Если у меня есть дети, значит, есть муж. Кто он и где он, и с его ли ведома и воли я заперта в каморке, а детей хотят продать? И еще вопрос: откуда у меня на голове, на затылке, рана? Я вспомнила, как и где очнулась – подвал, лестница, разбитая крынка, и я лежала лицом вниз. Я никак не могла получить такую рану во время падения, значит, я получила ее до того, как оказалась в подвале, и, скорее всего, то, что я рухнула, а не спустилась, и было следствием этого неслабого удара.

– В доме-то чужом никакой радости, никакого просвета, – напевала старуха, не забывая дергать меня, как марионетку. – А золовка смутьянка, лисы коварней, змеиная головка, хитра на уловки…

Кому выгодна моя смерть, если я согласилась с планами Ларисы отделаться от детей и – что она еще говорила? Про Макара Саввича, кто бы он ни был, и «приплод», который ему не нужен. И – «что я буду за жена». Великолепная стратегия, но покойницу замуж не возьмут.

– Повернись, барыня, ко мне… Была дочь любимая, была мужнина жена, а нонче-то доля твоя лихая, вдовья.

Вдова, отметила я, не отрывая взгляд от притихших детей. Вдова, чьих детей отправляют в чужие семьи. Если Лариса – моя золовка, стало быть, она с легкой руки и моего полного непротивления избавляется от собственных племянников. Какого черта, в чем резон?

– Кошке в ножки поклонишься, вчерашним днем жива…

Старуха выла умеючи, артистично, как профессиональная кладбищенская плакальщица, даже глаза в момент, когда мне удавалось увидеть ее лицо, прикрывала от удовольствия. До меня дошло, что это безусловно спектакль, на что-то рассчитанный.

– Пожалеть тебя, бедняжечку, да приголубить некому, ни кола, ни двора своего, дети-сироты-ы…

Старуха вывела особо трагическую руладу, и близнецы под столом как по команде заревели.

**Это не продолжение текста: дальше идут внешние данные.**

lemma abs_inv_flow_sums: "(\<lambda>j. \<bar>inv_flow k (Suc j)\<bar>) sums weight k"
proof -
  define r where "r = 1 / \<bar>monodromy\<bar>"
  have "0 < r" "r < 1" using expanding by (auto simp: r_def)
  then have geom: "(\<lambda>q. r ^ q) sums (1 / (1 - r))" by (intro geometric_sums) simp
  have partial: "(\<Sum>j<q * n. \<bar>inv_flow k (Suc j)\<bar>) = (\<Sum>p<q. r ^ p) * S k" for q
  proof -
    have "(\<Sum>j<q * n. \<bar>inv_flow k (Suc j)\<bar>) =
          (\<Sum>p<q. \<Sum>j\<in>{p * n..<p * n + n}. \<bar>inv_flow k (Suc j)\<bar>)"
      by (rule sum.nat_group[symmetric])
    then show ?thesis
      by (simp only: abs_inv_flow_block sum_distrib_right flip: r_def)
  qed
  have "summable (\<lambda>j. \<bar>inv_flow k (Suc j)\<bar>)"
  proof (rule bounded_imp_summable)
    fix N
    have "Suc N * 1 \<le> Suc N * n" using n_pos by (intro mult_le_mono2) simp
    then have "N < Suc N * n" by simp
    then have "(\<Sum>j\<le>N. \<bar>inv_flow k (Suc j)\<bar>) \<le> (\<Sum>j<Suc N * n. \<bar>inv_flow k (Suc j)\<bar>)"
      by (intro sum_mono2) auto
    also have "\<dots> \<le> 1 / (1 - r) * S k"
    proof -
      have "(\<Sum>p<Suc N. r ^ p) \<le> (\<Sum>p. r ^ p)"
        using \<open>0 < r\<close> by (intro sum_le_suminf[OF sums_summable[OF geom]]) auto
      then show ?thesis
        unfolding partial sums_unique[OF geom, symmetric] using S_pos[of k]
        by (intro mult_right_mono) auto
    qed
    finally show "(\<Sum>j\<le>N. \<bar>inv_flow k (Suc j)\<bar>) \<le> 1 / (1 - r) * S k" .
  qed simp
  then have "(\<lambda>q. (\<Sum>j\<in>{q * n..<q * n + n}. \<bar>inv_flow k (Suc j)\<bar>)) sums
               (\<Sum>j. \<bar>inv_flow k (Suc j)\<bar>)"
    using n_pos by (intro sums_group) auto
  moreover have "(\<lambda>q. (\<Sum>j\<in>{q * n..<q * n + n}. \<bar>inv_flow k (Suc j)\<bar>)) sums weight k"
  proof -
    have "1 / (1 - r) = \<bar>monodromy\<bar> / \<bar>1 - \<bar>monodromy\<bar>\<bar>"
      using expanding by (simp add: r_def field_simps)
    then show ?thesis
      using sums_mult2[OF geom, of "S k"] by (simp add: abs_inv_flow_block weight_def flip: r_def)
  qed
  ultimately have "(\<Sum>j. \<bar>inv_flow k (Suc j)\<bar>) = weight k"
    by (rule sums_unique2)
  with \<open>summable _\<close> show ?thesis
    using summable_sums by fastforce
qed

lemma backward_terms_summable:
  assumes "\<And>t. \<bar>e t\<bar> \<le> B"
  shows "summable (\<lambda>j. \<bar>e (k + j) * inv_flow k (Suc j)\<bar>)"
proof (rule summable_comparison_test')
  show "summable (\<lambda>j. B * \<bar>inv_flow k (Suc j)\<bar>)"
    using abs_inv_flow_sums[of k] by (intro summable_mult sums_summable)
  show "norm \<bar>e (k + j) * inv_flow k (Suc j)\<bar> \<le> B * \<bar>inv_flow k (Suc j)\<bar>" for j
    using assms[of "k + j"] by (simp add: abs_mult mult_right_mono)
qed

lemma backward_sol_bound:
  assumes "\<And>t. \<bar>e t\<bar> \<le> B"
  shows "\<bar>backward_sol e k\<bar> \<le> h * B * weight k"
proof -
  note summable = backward_terms_summable[OF assms]
  have "\<bar>\<Sum>j. e (k + j) * inv_flow k (Suc j)\<bar> \<le> (\<Sum>j. \<bar>e (k + j) * inv_flow k (Suc j)\<bar>)"
    by (rule summable_rabs[OF summable])
  also have "\<dots> \<le> (\<Sum>j. B * \<bar>inv_flow k (Suc j)\<bar>)"
    using assms abs_inv_flow_sums[of k]
    by (intro suminf_le summable summable_mult sums_summable) (simp_all add: abs_mult mult_right_mono)
  also have "\<dots> = B * weight k"
    using sums_unique[OF abs_inv_flow_sums[of k]] abs_inv_flow_sums[of k]
    by (simp add: suminf_mult sums_summable)
  finally show ?thesis
    using h_pos by (simp add: backward_sol_def abs_mult mult_left_mono mult.assoc)
qed

lemma backward_sol_Suc:
  assumes "\<And>t. \<bar>e t\<bar> \<le> B"
  shows "backward_sol e (Suc k) = coef k * backward_sol e k + h * e k"
proof -
  define F where "F j = e (k + j) * inv_flow (Suc k) j" for j
  have scaled: "coef k * (e (k + j) * inv_flow k (Suc j)) = F j" for j
    using coef_nonzero[of k] by (simp add: F_def inv_flow_Suc)
  have "summable (\<lambda>j. e (k + j) * inv_flow k (Suc j))"
    using backward_terms_summable[OF assms] by (rule summable_rabs_cancel)
  then have "(\<lambda>j. coef k * (e (k + j) * inv_flow k (Suc j))) sums
               (coef k * (\<Sum>j. e (k + j) * inv_flow k (Suc j)))"
    by (rule sums_mult[OF summable_sums])
  then have "F sums (coef k * (\<Sum>j. e (k + j) * inv_flow k (Suc j)))"
    by (simp only: scaled)
  then have "(\<Sum>j. F (Suc j)) = coef k * (\<Sum>j. e (k + j) * inv_flow k (Suc j)) - F 0"
    by (simp add: suminf_split_head sums_summable sums_unique[symmetric])
  moreover have "backward_sol e (Suc k) = - h * (\<Sum>j. F (Suc j))"
    by (simp add: backward_sol_def F_def)
  moreover have "F 0 = e k"
    by (simp add: F_def inv_flow_def)
  ultimately show ?thesis
    unfolding backward_sol_def[of e k] by (simp add: algebra_simps) (simp flip: distrib_left)
qed

lemma L_op_backward_sol:
  assumes "\<And>t. \<bar>e t\<bar> \<le> B"
  shows "L_op h lam (backward_sol e) t = e t"
  using backward_sol_Suc[OF assms] by (simp add: L_op_eq_iff)

lemma HU_stable_expanding: "HU_stable (L_op h lam) f (K0 h n (\<lambda>k. - lam k))"
proof (rule HU_stable_linearI[OF L_op_diff K0_pos])
  fix \<epsilon> :: real and e :: "nat \<Rightarrow> real"
  assume "\<epsilon> > 0" and bound: "\<And>t. \<bar>e t\<bar> \<le> \<epsilon>"
  have "\<bar>backward_sol e t\<bar> \<le> K0 h n (\<lambda>k. - lam k) * \<epsilon>" for t
  proof -
    have "\<bar>backward_sol e t\<bar> \<le> h * weight t * \<epsilon>"
      using backward_sol_bound[OF bound] by (simp add: ac_simps)
    also have "\<dots> \<le> K0 h n (\<lambda>k. - lam k) * \<epsilon>"
      using weight_le_K0[of t] \<open>\<epsilon> > 0\<close> by (simp add: mult_right_mono)
    finally show ?thesis .
  qed
  moreover have "L_op h lam (backward_sol e) t = e t" for t
    using bound by (rule L_op_backward_sol)
  ultimately show "\<exists>d. (\<forall>t. L_op h lam d t = e t) \<and> (\<forall>t. \<bar>d t\<bar> \<le> K0 h n (\<lambda>k. - lam k) * \<epsilon>)"
    by blast
qed (use expanding in simp)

Я рванулась, оставив у старухи в руках добрую прядь волос, и выхватила у нее окровавленную тряпку.

– Заткнись! – рявкнула я негромко и швырнула тряпку старухе обратно. Рану я позволила растревожить зря, мало того, что голова была мокрая, я теперь чувствовала, что кровь пошла снова, но я бездумно утерла ее с виска, подошла к столу и присела на корточки рядом с детьми.

Они заревели еще громче. Я вздохнула, потянулась к ним, заметила кровь на ладони и вытерла руку о лиф.

– Идите ко мне, милые… не бойтесь. Наташенька, Женечка, посмотрите на меня.

Я опасалась пугать их сильнее. Старуха своим нытьем навела на малышей жуть, теперь я преследую их в маленьком убежище. Наверное, я делаю что-то не так, подумала я, встала, села на кровать, шугнув оттуда старуху.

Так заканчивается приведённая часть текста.